(Stored items)
*** Block opens ***

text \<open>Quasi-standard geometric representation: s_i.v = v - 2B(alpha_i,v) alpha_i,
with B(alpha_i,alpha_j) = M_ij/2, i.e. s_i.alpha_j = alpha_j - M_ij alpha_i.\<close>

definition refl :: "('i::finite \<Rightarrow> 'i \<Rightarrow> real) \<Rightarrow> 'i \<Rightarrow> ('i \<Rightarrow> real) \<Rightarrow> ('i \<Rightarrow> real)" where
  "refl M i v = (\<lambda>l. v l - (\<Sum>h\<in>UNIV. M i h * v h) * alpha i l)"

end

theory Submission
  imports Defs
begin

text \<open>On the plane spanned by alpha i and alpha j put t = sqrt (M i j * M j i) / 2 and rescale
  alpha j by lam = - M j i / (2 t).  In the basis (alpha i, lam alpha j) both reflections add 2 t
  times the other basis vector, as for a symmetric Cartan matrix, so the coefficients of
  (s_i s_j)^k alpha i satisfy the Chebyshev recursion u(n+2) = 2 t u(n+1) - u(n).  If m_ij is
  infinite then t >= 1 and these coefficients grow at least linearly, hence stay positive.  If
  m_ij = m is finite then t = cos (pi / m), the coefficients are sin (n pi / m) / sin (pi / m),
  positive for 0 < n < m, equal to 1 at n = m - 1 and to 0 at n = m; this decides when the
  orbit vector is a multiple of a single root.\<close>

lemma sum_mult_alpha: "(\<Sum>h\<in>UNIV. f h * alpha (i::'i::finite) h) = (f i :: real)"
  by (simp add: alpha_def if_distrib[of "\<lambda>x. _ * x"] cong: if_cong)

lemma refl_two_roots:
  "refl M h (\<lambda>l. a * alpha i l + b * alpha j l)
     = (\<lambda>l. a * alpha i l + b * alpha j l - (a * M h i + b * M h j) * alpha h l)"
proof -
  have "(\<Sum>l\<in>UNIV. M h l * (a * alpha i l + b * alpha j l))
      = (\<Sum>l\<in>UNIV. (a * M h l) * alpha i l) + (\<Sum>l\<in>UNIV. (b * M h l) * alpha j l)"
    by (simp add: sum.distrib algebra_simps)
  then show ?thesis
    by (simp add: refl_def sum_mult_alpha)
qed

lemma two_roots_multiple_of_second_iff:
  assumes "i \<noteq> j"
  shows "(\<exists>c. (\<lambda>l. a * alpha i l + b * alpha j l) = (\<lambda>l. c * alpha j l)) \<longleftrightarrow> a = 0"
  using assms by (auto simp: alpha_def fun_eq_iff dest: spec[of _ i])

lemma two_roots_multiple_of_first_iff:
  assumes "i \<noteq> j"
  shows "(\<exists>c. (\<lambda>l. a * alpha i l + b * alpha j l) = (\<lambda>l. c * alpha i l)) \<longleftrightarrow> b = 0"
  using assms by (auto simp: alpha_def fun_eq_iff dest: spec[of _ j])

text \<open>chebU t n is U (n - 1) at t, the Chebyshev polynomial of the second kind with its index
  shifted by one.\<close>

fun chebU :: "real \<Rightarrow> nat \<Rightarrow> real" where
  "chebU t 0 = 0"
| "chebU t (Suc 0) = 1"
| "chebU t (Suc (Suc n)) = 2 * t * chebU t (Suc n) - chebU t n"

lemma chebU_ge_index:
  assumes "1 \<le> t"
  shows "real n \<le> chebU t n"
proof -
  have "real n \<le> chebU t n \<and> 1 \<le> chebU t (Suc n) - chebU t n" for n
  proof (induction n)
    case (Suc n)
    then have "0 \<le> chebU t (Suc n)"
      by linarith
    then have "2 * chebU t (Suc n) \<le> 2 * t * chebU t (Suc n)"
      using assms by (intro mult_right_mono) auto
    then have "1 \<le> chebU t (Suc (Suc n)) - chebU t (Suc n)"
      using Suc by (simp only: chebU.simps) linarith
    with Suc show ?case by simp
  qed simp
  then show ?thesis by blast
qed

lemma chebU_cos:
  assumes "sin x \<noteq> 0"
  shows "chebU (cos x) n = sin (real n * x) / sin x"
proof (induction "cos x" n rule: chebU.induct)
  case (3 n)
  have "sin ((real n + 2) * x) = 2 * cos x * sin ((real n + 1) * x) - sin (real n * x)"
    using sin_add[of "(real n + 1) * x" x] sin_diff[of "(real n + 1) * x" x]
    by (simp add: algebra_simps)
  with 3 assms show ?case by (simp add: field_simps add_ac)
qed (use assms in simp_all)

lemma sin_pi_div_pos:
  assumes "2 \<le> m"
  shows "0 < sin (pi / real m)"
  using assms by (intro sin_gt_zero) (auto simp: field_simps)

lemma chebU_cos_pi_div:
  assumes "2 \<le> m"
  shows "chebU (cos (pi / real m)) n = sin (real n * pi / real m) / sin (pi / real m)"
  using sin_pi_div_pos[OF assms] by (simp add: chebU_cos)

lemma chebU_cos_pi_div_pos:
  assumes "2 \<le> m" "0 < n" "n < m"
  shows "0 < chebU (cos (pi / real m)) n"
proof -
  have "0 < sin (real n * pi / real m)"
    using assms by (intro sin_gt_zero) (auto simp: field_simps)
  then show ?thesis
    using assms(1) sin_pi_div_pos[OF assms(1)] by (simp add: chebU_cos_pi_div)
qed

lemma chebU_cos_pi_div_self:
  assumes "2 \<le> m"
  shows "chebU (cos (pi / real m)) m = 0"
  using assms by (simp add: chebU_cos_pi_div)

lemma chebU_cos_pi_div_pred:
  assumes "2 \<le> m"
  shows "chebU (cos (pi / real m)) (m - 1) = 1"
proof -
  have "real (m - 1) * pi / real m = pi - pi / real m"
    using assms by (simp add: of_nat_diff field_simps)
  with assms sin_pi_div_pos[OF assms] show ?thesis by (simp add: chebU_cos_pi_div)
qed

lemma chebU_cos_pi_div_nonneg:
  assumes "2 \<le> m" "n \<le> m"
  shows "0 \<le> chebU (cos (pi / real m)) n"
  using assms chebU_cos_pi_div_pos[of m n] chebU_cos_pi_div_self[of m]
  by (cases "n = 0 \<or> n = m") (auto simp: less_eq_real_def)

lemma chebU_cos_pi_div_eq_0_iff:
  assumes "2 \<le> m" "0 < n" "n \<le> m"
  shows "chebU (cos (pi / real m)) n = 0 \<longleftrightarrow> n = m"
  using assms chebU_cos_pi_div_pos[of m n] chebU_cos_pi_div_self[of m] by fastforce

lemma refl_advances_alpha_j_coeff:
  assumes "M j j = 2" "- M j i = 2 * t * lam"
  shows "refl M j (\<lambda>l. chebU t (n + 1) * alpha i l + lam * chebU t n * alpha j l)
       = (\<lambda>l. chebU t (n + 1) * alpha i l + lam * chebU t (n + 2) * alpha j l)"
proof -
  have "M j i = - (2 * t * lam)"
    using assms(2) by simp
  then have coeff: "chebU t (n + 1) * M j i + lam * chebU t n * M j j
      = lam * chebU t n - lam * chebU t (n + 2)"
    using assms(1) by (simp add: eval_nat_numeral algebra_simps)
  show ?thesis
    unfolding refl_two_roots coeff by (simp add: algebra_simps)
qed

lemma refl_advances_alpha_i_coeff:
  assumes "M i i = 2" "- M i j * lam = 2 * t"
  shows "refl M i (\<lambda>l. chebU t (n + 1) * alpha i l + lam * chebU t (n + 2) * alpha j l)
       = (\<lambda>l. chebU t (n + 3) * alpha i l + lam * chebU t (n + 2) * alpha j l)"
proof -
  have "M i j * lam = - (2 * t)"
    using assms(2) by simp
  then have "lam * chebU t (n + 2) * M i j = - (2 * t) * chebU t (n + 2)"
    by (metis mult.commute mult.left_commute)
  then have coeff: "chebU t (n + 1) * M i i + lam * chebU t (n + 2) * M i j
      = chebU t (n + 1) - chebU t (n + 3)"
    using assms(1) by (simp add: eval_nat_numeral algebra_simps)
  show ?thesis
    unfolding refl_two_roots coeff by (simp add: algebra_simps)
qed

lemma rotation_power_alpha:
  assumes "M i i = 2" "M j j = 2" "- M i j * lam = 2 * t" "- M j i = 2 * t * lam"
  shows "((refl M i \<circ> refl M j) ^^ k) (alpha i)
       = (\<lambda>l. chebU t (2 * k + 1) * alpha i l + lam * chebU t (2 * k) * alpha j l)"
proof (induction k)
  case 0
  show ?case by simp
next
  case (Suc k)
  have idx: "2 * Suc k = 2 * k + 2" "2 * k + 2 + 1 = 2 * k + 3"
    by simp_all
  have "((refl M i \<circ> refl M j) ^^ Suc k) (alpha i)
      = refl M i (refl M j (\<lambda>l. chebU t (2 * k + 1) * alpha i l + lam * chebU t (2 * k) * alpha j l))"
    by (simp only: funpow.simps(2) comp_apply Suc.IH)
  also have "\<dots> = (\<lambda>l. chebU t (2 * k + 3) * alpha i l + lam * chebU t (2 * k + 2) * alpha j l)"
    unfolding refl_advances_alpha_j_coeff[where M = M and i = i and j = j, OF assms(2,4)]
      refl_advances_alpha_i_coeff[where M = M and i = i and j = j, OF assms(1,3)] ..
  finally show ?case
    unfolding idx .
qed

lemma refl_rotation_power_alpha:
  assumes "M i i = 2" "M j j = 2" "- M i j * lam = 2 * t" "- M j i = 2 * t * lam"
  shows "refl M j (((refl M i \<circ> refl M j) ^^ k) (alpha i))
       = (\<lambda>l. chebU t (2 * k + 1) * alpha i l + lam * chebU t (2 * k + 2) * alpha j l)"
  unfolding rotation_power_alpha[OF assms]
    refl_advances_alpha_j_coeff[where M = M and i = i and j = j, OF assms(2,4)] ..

*** Block closes ***
*** Block opens ***

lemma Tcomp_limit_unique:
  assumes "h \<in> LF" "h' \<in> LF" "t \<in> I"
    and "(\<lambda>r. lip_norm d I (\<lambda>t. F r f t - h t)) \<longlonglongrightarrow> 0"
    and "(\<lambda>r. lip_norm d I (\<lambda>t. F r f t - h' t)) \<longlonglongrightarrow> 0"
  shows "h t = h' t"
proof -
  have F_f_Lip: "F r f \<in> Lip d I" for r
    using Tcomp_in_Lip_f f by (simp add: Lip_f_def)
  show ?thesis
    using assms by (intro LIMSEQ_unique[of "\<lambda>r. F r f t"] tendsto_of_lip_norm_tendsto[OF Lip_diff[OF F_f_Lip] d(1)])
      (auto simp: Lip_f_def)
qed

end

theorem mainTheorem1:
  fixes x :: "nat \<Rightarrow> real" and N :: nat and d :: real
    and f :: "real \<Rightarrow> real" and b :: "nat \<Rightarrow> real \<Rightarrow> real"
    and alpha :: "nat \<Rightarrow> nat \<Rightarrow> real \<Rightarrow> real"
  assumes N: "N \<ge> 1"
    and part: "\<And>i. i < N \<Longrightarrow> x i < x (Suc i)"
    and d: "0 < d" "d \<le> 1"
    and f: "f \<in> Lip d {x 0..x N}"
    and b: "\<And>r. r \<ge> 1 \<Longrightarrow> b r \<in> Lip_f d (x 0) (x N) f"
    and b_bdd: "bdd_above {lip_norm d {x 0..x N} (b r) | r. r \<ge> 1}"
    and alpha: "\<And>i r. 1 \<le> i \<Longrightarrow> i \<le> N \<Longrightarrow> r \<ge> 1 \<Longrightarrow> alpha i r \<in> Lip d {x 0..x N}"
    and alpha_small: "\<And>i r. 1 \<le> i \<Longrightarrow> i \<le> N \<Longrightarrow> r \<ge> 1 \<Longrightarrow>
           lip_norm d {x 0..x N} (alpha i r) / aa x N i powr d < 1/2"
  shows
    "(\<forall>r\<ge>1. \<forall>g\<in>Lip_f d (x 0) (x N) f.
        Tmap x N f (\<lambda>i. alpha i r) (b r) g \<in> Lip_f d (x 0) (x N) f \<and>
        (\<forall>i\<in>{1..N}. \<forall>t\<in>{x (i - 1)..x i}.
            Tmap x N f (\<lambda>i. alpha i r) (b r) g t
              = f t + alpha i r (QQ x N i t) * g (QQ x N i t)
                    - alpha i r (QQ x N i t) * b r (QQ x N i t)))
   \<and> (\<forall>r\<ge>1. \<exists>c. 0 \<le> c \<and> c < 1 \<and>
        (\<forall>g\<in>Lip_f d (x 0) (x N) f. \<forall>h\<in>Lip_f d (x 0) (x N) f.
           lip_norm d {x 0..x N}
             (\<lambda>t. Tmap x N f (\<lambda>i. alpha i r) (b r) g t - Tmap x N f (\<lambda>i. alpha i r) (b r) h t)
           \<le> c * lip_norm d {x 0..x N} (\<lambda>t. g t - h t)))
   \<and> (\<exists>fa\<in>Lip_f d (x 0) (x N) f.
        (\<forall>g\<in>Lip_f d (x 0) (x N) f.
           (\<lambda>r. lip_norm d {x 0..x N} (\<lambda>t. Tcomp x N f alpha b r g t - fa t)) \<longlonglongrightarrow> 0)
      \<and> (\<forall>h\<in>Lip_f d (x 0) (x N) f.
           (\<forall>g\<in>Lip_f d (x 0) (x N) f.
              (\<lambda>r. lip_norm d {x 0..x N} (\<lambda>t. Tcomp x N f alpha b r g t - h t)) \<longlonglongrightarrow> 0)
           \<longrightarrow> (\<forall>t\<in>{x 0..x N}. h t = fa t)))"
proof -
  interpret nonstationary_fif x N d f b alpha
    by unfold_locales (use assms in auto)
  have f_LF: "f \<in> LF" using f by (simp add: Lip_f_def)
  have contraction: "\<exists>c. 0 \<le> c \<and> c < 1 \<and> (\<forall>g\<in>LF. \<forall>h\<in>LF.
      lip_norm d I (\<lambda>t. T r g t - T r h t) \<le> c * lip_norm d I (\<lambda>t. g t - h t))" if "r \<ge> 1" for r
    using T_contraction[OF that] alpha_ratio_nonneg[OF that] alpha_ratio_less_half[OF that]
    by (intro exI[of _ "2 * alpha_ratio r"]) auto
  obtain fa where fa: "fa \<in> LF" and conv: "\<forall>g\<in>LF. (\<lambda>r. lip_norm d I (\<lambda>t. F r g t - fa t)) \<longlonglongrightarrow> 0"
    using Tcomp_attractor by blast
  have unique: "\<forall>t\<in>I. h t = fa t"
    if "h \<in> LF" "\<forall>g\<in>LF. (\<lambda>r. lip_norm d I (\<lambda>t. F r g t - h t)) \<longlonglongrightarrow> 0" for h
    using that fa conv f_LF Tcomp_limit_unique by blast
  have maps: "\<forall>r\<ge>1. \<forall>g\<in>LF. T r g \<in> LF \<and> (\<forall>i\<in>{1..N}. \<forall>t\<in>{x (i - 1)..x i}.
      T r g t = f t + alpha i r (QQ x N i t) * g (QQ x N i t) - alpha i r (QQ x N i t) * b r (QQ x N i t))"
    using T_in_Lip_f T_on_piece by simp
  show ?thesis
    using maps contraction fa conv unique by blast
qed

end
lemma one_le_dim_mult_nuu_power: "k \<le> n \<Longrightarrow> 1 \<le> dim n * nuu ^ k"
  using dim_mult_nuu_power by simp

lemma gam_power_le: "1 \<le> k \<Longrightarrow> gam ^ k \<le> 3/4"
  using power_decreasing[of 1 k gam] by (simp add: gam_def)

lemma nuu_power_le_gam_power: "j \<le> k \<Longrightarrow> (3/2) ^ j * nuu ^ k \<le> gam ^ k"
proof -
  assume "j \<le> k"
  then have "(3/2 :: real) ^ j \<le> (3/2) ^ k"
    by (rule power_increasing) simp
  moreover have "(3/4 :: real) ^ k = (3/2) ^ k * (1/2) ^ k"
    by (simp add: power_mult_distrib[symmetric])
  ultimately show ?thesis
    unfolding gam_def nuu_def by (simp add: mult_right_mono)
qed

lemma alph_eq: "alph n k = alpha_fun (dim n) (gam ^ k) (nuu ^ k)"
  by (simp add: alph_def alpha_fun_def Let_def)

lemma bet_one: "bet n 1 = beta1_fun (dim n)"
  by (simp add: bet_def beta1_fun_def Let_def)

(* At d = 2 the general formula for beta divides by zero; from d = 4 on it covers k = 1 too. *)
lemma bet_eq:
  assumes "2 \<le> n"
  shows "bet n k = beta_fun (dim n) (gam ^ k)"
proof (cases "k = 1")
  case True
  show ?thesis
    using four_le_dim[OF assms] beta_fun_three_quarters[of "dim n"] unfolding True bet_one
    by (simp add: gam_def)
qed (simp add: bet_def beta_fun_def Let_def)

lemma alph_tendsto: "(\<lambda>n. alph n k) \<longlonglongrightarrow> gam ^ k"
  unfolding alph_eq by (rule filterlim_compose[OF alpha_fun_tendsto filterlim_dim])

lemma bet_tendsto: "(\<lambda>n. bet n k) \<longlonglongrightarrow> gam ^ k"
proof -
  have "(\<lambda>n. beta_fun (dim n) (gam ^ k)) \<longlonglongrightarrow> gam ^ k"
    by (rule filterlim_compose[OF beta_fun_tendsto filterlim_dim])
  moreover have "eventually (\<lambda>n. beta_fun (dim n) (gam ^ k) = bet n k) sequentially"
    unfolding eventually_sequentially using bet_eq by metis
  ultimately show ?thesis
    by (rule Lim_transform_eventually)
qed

*** Block closes ***

Goal of the exercise
From the entries, copy every line in which the string "where" can be found.

Output of the task
definition refl :: "('i::finite \<Rightarrow> 'i \<Rightarrow> real) \<Rightarrow> 'i \<Rightarrow> ('i \<Rightarrow> real) \<Rightarrow> ('i \<Rightarrow> real)" where
fun chebU :: "real \<Rightarrow> nat \<Rightarrow> real" where
    unfolding refl_advances_alpha_j_coeff[where M = M and i = i and j = j, OF assms(2,4)]
      refl_advances_alpha_i_coeff[where M = M and i = i and j = j, OF assms(1,3)] ..
    refl_advances_alpha_j_coeff[where M = M and i = i and j = j, OF assms(2,4)] ..
  obtain fa where fa: "fa \<in> LF" and conv: "\<forall>g\<in>LF. (\<lambda>r. lip_norm d I (\<lambda>t. F r g t - fa t)) \<longlonglongrightarrow> 0"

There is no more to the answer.